So I came up with a proof for the following problem:
Let $A$ and $B$ be connected subspaces of a topological space $(X,\tau)$. If $A\cap B \neq \emptyset$, prove that the subspace $A\cup B$ is connected.
And I was hopping that someone could validate my proof, and maybe,if I'm correct, point some things that I could improve with my proof.
My proof:
Let $U,F \in \tau_{A\cup B}$ such that $U\cap F = \emptyset$.
Because $U,F \in \tau_{A \cup B}$, then $\exists U',F' \in \tau: U = U'\cap(A\cup B)$ and $F = F'\cap(A\cup B)$. We can use this expressions for $U \cup F$ and show that it cannot be equal to $A \cup B$, concluding that $A \cup B$ is connected.
So we have that:
$$\begin{align}
&U \cup F =(U'\cap(A\cup B))\cup(F'\cap(A\cup B))=
\\
\\
&=[\underbrace{(U' \cap A)}_{U_A} \cup\underbrace{(F' \cap A)}_{F_A}]\cup[\underbrace{(U' \cap B)}_{U_B} \cup\underbrace{(F' \cap B)}_{F_B}]=
\\
\\
&=(U_A \cup F_A) \cup (U_B \cup F_B)
\end{align}$$
We have that $U_A,F_A \in \tau_A$. Because $U \cap F = \emptyset$, then it's trivial that $U_A \cap F_A = \emptyset$. So, because $(A,\tau_A)$ is a connected space we have that $U_A \cup F_A \neq A$. In the same way we conclude that $U_B \cup F_B \neq B$.
So we end up with:
$$\underbrace{(U_A \cup F_A)}_{\neq A} \cup \underbrace{(U_B \cup F_B)}_{\neq B} \neq A \cup B$$.
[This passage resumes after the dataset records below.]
text \<open>A Chernoff bound via the moment generating function \<open>\<integral> 4 ^ [B x] \<le> 8/5\<close>.\<close>
lemma iid_pmf_half_bad_le:
  assumes "measure_pmf.prob D {x. B x} \<le> 1/5"
  shows "measure_pmf.prob (iid_pmf n D) {xs. n \<le> 2 * length (filter B xs)} \<le> (4/5)^n"
proof -
  define S where "S = {xs. n \<le> 2 * length (filter B xs)}"
  define f where "f x = ennreal (if B x then 4 else 1)" for x
  have prod_f: "prod_list (map f xs) = ennreal (4 ^ length (filter B xs))" for xs
    by (induction xs) (auto simp: f_def ennreal_mult')
  have "(\<integral>\<^sup>+x. f x \<partial>D) = (\<integral>\<^sup>+x. 1 + 3 * indicator {x. B x} x \<partial>D)"
    by (intro nn_integral_cong) (auto simp: f_def indicator_def)
  also have "\<dots> = (\<integral>\<^sup>+x. 1 \<partial>D) + (\<integral>\<^sup>+x. 3 * indicator {x. B x} x \<partial>D)"
    by (subst nn_integral_add) auto
  also have "\<dots> = 1 + 3 * emeasure D {x. B x}"
    by (subst nn_integral_cmult_indicator) (auto simp: measure_pmf.emeasure_space_1)
  also have "\<dots> = ennreal (1 + 3 * measure_pmf.prob D {x. B x})"
    by (simp add: measure_pmf.emeasure_eq_measure ennreal_plus ennreal_mult)
  also have "\<dots> \<le> ennreal (8/5)"
    using assms by (intro ennreal_leI) simp
  finally have mgf: "(\<integral>\<^sup>+x. f x \<partial>D) \<le> ennreal (8/5)" .
  have "ennreal (2^n) * indicator S xs \<le> prod_list (map f xs)" for xs
  proof (cases "xs \<in> S")
    case True
    then have "(2::real)^n \<le> 2^(2 * length (filter B xs))"
      by (intro power_increasing) (auto simp: S_def)
    then show ?thesis
      using True by (simp add: prod_f power_mult ennreal_leI)
  qed simp
  then have "ennreal (2^n) * emeasure (iid_pmf n D) S \<le> (\<integral>\<^sup>+xs. prod_list (map f xs) \<partial>iid_pmf n D)"
    by (subst nn_integral_cmult_indicator[symmetric]) (auto intro: nn_integral_mono)
  also have "\<dots> \<le> ennreal (8/5) ^ n"
    unfolding nn_integral_iid_pmf_prod_list by (intro power_mono mgf) simp
  finally have "2^n * measure_pmf.prob (iid_pmf n D) S \<le> (8/5)^n"
    by (simp add: measure_pmf.emeasure_eq_measure ennreal_power flip: ennreal_mult)
  then have "measure_pmf.prob (iid_pmf n D) S \<le> (8/5)^n / 2^n"
    by (simp add: field_simps)
  also have "(8/5)^n / 2^n = (4/5::real)^n"
    by (simp add: power_divide[symmetric])
  finally show ?thesis
    unfolding S_def .
qed

lemma median_between:
  fixes xs :: "real list"
  assumes "xs \<noteq> []" "2 * length (filter (\<lambda>x. \<not> (lo \<le> x \<and> x \<le> hi)) xs) < length xs"
  shows "lo \<le> median xs \<and> median xs \<le> hi"
proof -
  define P where "P = (\<lambda>x. \<not> (lo \<le> x \<and> x \<le> hi))"
  define ys where "ys = sort xs"
  define k where "k = length xs"
  define i where "i = (k - 1) div 2"
  have "sorted ys" "length ys = k" "i < k"
    using assms by (simp_all add: ys_def k_def i_def)
  have "k \<le> 2 * (i + 1)" "k \<le> 2 * (k - i)"
    unfolding i_def by presburger+
  have minority: "2 * length (filter P xs) < k"
    using assms(2) by (simp add: P_def k_def)
  have "length (filter P ys) = length (filter P xs)"
    unfolding ys_def by (metis mset_filter mset_sort size_mset)
  then have few: "card A \<le> length (filter P xs)" if "A \<subseteq> {j. j < k \<and> P (ys ! j)}" for A
    using that card_mono[OF _ that] \<open>length ys = k\<close> by (simp add: length_filter_conv_card)
  have "lo \<le> ys ! i"
  proof (rule ccontr)
    assume "\<not> lo \<le> ys ! i"
    then have "{..i} \<subseteq> {j. j < k \<and> P (ys ! j)}"
      using \<open>sorted ys\<close> \<open>length ys = k\<close> \<open>i < k\<close> unfolding P_def by (auto dest: sorted_nth_mono[of ys _ i])
    then have "card {..i} \<le> length (filter P xs)"
      by (rule few)
    then show False
      using minority \<open>k \<le> 2 * (i + 1)\<close> \<open>k \<le> 2 * (k - i)\<close> by simp
  qed
  moreover have "ys ! i \<le> hi"
  proof (rule ccontr)
    assume "\<not> ys ! i \<le> hi"
    then have "{i..<k} \<subseteq> {j. j < k \<and> P (ys ! j)}"
      using \<open>sorted ys\<close> \<open>length ys = k\<close> unfolding P_def by (auto dest: sorted_nth_mono[of ys i])
    then have "card {i..<k} \<le> length (filter P xs)"
      by (rule few)
    then show False
      using minority \<open>k \<le> 2 * (i + 1)\<close> \<open>k \<le> 2 * (k - i)\<close> by simp
  qed
  ultimately show ?thesis
    by (simp add: median_def ys_def i_def k_def)
qed
section \<open>Counting the sets of R below a closed set\<close>

(* beta(G) counts the sets r \<in> R whose closure is G, via the bijection t. *)
lemma beta_eq_card_fibre:
  assumes A: "finite A" and S: "set_system A R" and T: "transversal A R t"
    and image: "t ` R = A - Y" and G: "closed A R G"
  shows "beta A R t Y G = card {r\<in>R. cl A R r = G}"
proof -
  have inj: "inj_on t R" and t_in: "\<And>r. r \<in> R \<Longrightarrow> t r \<in> r"
    using T unfolding transversal_def by auto
  have rA: "\<And>r. r \<in> R \<Longrightarrow> r \<subseteq> A" using S unfolding set_system_def by auto
  have inv: "\<And>r. r \<in> R \<Longrightarrow> the_inv_into R t (t r) = r" using the_inv_into_f_f[OF inj] .
  let ?fibre = "{r\<in>R. cl A R r = G}"
  have "t ` ?fibre = {x \<in> G - Y. cl A R (the_inv_into R t x) = G}"
  proof (intro equalityI subsetI)
    fix x assume "x \<in> t ` ?fibre"
    then obtain r where r: "r \<in> R" "cl A R r = G" and x: "x = t r" by blast
    have "x \<in> G" using t_in[OF r(1)] subset_cl[OF A rA[OF r(1)]] r(2) x by blast
    moreover have "x \<notin> Y" using image r(1) x by blast
    moreover have "cl A R (the_inv_into R t x) = G" using inv[OF r(1)] r(2) x by simp
    ultimately show "x \<in> {x \<in> G - Y. cl A R (the_inv_into R t x) = G}" by blast
  next
    fix x assume x: "x \<in> {x \<in> G - Y. cl A R (the_inv_into R t x) = G}"
    then have "x \<in> t ` R" using image closed_subset[OF G] by blast
    then obtain r where r: "r \<in> R" and "x = t r" by blast
    then show "x \<in> t ` ?fibre" using x inv[OF r] by auto
  qed
  moreover have "inj_on t ?fibre" by (rule inj_on_subset[OF inj]) auto
  ultimately show ?thesis unfolding beta_def by (simp add: card_image[symmetric])
qed

lemma card_relsIn_closed:
  assumes A: "finite A" and S: "set_system A R" and T: "transversal A R t"
    and image: "t ` R = A - Y" and F: "closed A R F"
  shows "card (relsIn R F) = (\<Sum>G\<in>{G. G \<subseteq> F \<and> closed A R G}. beta A R t Y G)"
proof -
  have rA: "\<And>r. r \<in> R \<Longrightarrow> r \<subseteq> A" using S unfolding set_system_def by auto
  have FA: "F \<subseteq> A" by (rule closed_subset[OF F])
  then have finF: "finite F" using A finite_subset by blast
  have finG: "finite {G. G \<subseteq> F \<and> closed A R G}"
    by (rule finite_subset[of _ "Pow F"]) (auto simp: finF)
  have closures: "cl A R ` relsIn R F \<subseteq> {G. G \<subseteq> F \<and> closed A R G}"
  proof
    fix G assume "G \<in> cl A R ` relsIn R F"
    then obtain r where r: "r \<in> R" "r \<subseteq> F" and G: "G = cl A R r"
      unfolding relsIn_def by blast
    have "G \<subseteq> F" using cl_mono[OF A r(2) FA, of R] F G unfolding closed_def by simp
    moreover have "closed A R G" using closed_cl[OF A rA[OF r(1)]] G by simp
    ultimately show "G \<in> {G. G \<subseteq> F \<and> closed A R G}" by simp
  qed
  have fibre: "{r\<in>relsIn R F. cl A R r = G} = {r\<in>R. cl A R r = G}"
    if "G \<subseteq> F" for G
    using that subset_cl[OF A rA] unfolding relsIn_def by blast
  have "card (relsIn R F)
        = (\<Sum>G\<in>{G. G \<subseteq> F \<and> closed A R G}. card {r\<in>relsIn R F. cl A R r = G})"
    using card_eq_sum sum.group[OF finite_relsIn[OF finF] finG closures, of "\<lambda>_. 1::nat"]
    by simp
  also have "\<dots> = (\<Sum>G\<in>{G. G \<subseteq> F \<and> closed A R G}. beta A R t Y G)"
    using fibre beta_eq_card_fibre[OF A S T image] by (intro sum.cong) auto
  finally show ?thesis .
qed
lemma mult_le_amgm: "0 < s \<Longrightarrow> (x::real) * y \<le> (s * x\<^sup>2 + y\<^sup>2 / s) / 2"
proof -
  assume s: "0 < s"
  have "0 \<le> (s * x - y)\<^sup>2" by simp
  hence "2 * s * (x * y) \<le> s\<^sup>2 * x\<^sup>2 + y\<^sup>2" by (simp add: power2_eq_square algebra_simps)
  hence "2 * s * (x * y) / s \<le> (s\<^sup>2 * x\<^sup>2 + y\<^sup>2) / s" using s by (intro divide_right_mono) auto
  thus ?thesis using s by (simp add: power2_eq_square field_simps)
qed

lemma le_sqrt_mult_if_amgm:
  fixes A B P :: real
  assumes amgm: "\<And>s. s > 0 \<Longrightarrow> 2 * P \<le> s * A + B / s" and A: "A \<ge> 0" and B: "B \<ge> 0"
  shows "P \<le> sqrt A * sqrt B"
proof (cases "A > 0 \<and> B > 0")
  case True
  define a b where "a = sqrt A" and "b = sqrt B"
  have "a > 0" "b > 0" "A = a\<^sup>2" "B = b\<^sup>2"
    using True A B by (auto simp: a_def b_def)
  with amgm[of "b / a"] show ?thesis
    by (simp add: a_def [symmetric] b_def [symmetric] field_simps power2_eq_square)
next
  case False
  show ?thesis
  proof (rule ccontr)
    assume "\<not> ?thesis"
    with False A B have P: "P > 0" by auto
    show False
    proof (cases "A = 0")
      case True
      have "2 * P \<le> B / ((B + 1) / P)" using amgm[of "(B + 1) / P"] P B True by simp
      also have "\<dots> < P" using P B by (simp add: field_simps)
      finally show False using P by simp
    next
      case False
      with \<open>\<not> (A > 0 \<and> B > 0)\<close> A B have "B = 0" by auto
      with amgm[of "P / A"] P A False show False by (simp add: field_simps)
    qed
  qed
qed

lemma l2norm_diff_ge:
  fixes f g :: "real \<Rightarrow> real"
  assumes f: "f \<in> borel_measurable borel" and f2: "set_integrable lborel {0..L} (\<lambda>x. (f x)\<^sup>2)"
    and g: "g \<in> borel_measurable borel" and g2: "set_integrable lborel {0..L} (\<lambda>x. (g x)\<^sup>2)"
  shows "\<bar>l2norm L f - l2norm L g\<bar> \<le> l2norm L (\<lambda>x. f x - g x)"
proof -
  define A where "A = (LINT x:{0..L}|lborel. (f x)\<^sup>2)"
  define B where "B = (LINT x:{0..L}|lborel. (g x)\<^sup>2)"
  define P where "P = (LINT x:{0..L}|lborel. f x * g x)"
  have fg: "set_integrable lborel {0..L} (\<lambda>x. f x * g x)"
    by (rule set_integrable_real_mult[OF f g f2 g2]) simp
  have A0: "0 \<le> A" and B0: "0 \<le> B" unfolding A_def B_def by (auto intro: set_integral_nonneg)
  have diff: "(LINT x:{0..L}|lborel. (f x - g x)\<^sup>2) = A - 2 * P + B"
  proof -
    have "(LINT x:{0..L}|lborel. (f x - g x)\<^sup>2)
        = (LINT x:{0..L}|lborel. ((f x)\<^sup>2 + (-2) * (f x * g x)) + (g x)\<^sup>2)"
      by (simp add: power2_diff algebra_simps)
    also have "\<dots> = A - 2 * P + B"
      unfolding A_def B_def P_def using f2 g2 fg by simp
    finally show ?thesis .
  qed
  have "2 * P \<le> s * A + B / s" if s: "s > 0" for s
  proof -
    have "P \<le> (LINT x:{0..L}|lborel. (s * (f x)\<^sup>2 + (g x)\<^sup>2 / s) / 2)"
      unfolding P_def using f2 g2 by (intro set_integral_mono[OF fg] mult_le_amgm[OF s]) auto
    also have "\<dots> = (s * A + B / s) / 2"
      unfolding A_def B_def using f2 g2 by simp
    finally show ?thesis by simp
  qed
  hence "P \<le> sqrt A * sqrt B" using A0 B0 by (rule le_sqrt_mult_if_amgm)
  hence "(sqrt A - sqrt B)\<^sup>2 \<le> (LINT x:{0..L}|lborel. (f x - g x)\<^sup>2)"
    unfolding diff using A0 B0 by (simp add: power2_diff)
  hence "\<bar>sqrt A - sqrt B\<bar> \<le> sqrt (LINT x:{0..L}|lborel. (f x - g x)\<^sup>2)"
    using real_le_rsqrt[of "\<bar>sqrt A - sqrt B\<bar>"] by simp
  thus ?thesis unfolding l2norm_def A_def B_def .
qed

section \<open>Bounding the nonlinear energy flux\<close>

lemma mult_le_amgm_power4: "0 < x \<Longrightarrow> 0 \<le> y \<Longrightarrow> (x::real) * y \<le> x ^ 4 * y\<^sup>2 + 1 / x\<^sup>2"
proof -
  assume x: "0 < x" and y: "0 \<le> y"
  have "x * y = (x\<^sup>2 * y) * (1 / x)" using x by (simp add: power2_eq_square)
  also have "\<dots> \<le> (1 * (x\<^sup>2 * y)\<^sup>2 + (1 / x)\<^sup>2 / 1) / 2" by (rule mult_le_amgm) simp
  also have "\<dots> \<le> x ^ 4 * y\<^sup>2 + 1 / x\<^sup>2"
    using x by (simp add: power_mult_distrib power2_eq_square field_simps) (simp add: power4_eq_xxxx)
  finally show ?thesis .
qed

lemma sum_norm_dcoeff_le:
  assumes L: "L > 0" and h: "h2approx L f p" and fm: "f \<in> borel_measurable borel"
    and B: "\<And>m. h2norm L (p m) \<le> B"
  shows "(\<Sum>n\<in>{-int N..int N}. cmod (dcoeff L (fcoeff L (\<lambda>x. complex_of_real (f x))) n)) \<le> B\<^sup>2 / L + (2 * real N + 1) / (freq L)\<^sup>2"
proof -
  let ?a = "fcoeff L (\<lambda>x. complex_of_real (f x))"
  let ?w = "freq L"
  have w: "?w > 0" using freq_pos[OF L] .
  have trm: "cmod (dcoeff L ?a n) \<le> (?w * of_int n) ^ 4 * (cmod (?a n))\<^sup>2 + 1 / ?w\<^sup>2" for n
  proof (cases "n = 0")
    case True then show ?thesis by (simp add: dcoeff_def)
  next
    case False
    hence n1: "1 \<le> \<bar>real_of_int n\<bar>" by linarith
    have pos: "0 < \<bar>?w * of_int n\<bar>" using w False by simp
    have "cmod (dcoeff L ?a n) = \<bar>?w * of_int n\<bar> * cmod (?a n)" by (rule norm_dcoeff)
    also have "\<dots> \<le> \<bar>?w * of_int n\<bar> ^ 4 * (cmod (?a n))\<^sup>2 + 1 / \<bar>?w * of_int n\<bar>\<^sup>2"
      by (rule mult_le_amgm_power4[OF pos]) simp
    also have "\<bar>?w * of_int n\<bar> ^ 4 = (?w * of_int n) ^ 4" by (rule power_even_abs) simp
    also have "1 / \<bar>?w * of_int n\<bar>\<^sup>2 \<le> 1 / ?w\<^sup>2"
    proof -
      have "?w \<le> \<bar>?w * of_int n\<bar>" using w n1 by (simp add: abs_mult)
      hence "?w\<^sup>2 \<le> \<bar>?w * of_int n\<bar>\<^sup>2" using w by (intro power_mono) auto
      thus ?thesis using w pos by (intro divide_left_mono) auto
    qed
    finally show ?thesis by simp
  qed
  have "(\<Sum>n\<in>{-int N..int N}. cmod (dcoeff L ?a n)) \<le> (\<Sum>n\<in>{-int N..int N}. (?w * of_int n) ^ 4 * (cmod (?a n))\<^sup>2 + 1 / ?w\<^sup>2)"
    by (rule sum_mono) (rule trm)
  also have "\<dots> = (\<Sum>n\<in>{-int N..int N}. (?w * of_int n) ^ 4 * (cmod (?a n))\<^sup>2) + (2 * real N + 1) / ?w\<^sup>2"
  proof -
    have "card {-int N..int N} = 2 * N + 1" by simp
    thus ?thesis by (simp add: sum.distrib)
  qed
  also have "(\<Sum>n\<in>{-int N..int N}. (?w * of_int n) ^ 4 * (cmod (?a n))\<^sup>2) \<le> B\<^sup>2 / L"
    using h2approx_bounds(2)[OF L h fm B, of N] L by (simp add: field_simps)
  finally show ?thesis by simp
qed

lemma set_integrable_sq_mult_bounded:
  assumes F: "sq_integrable A F" and h: "h \<in> borel_measurable borel" and G: "\<And>x. cmod (h x) \<le> G"
    and A: "A \<in> sets borel"
  shows "set_integrable lborel A (\<lambda>x. (F x)\<^sup>2 * h x)"
  using set_integrable_mult_sq_integrable[OF F sq_integrable_mult_bounded[OF F h G A] A]
  by (simp add: power2_eq_square algebra_simps)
This concluding that $\nexists U,F \in \tau_{A \cup B}: U \cap F = \emptyset \wedge U \cup F = A \cup B$, thus the subspace $A \cup B$ is connected.
Best Answer
The proof is excessively complicated.
Prove that A is connected iff for all continuous f:A -> {0,1}, f is constant valued function.
With that easy to prove theorem, the proposition you're wanting to prove is simple.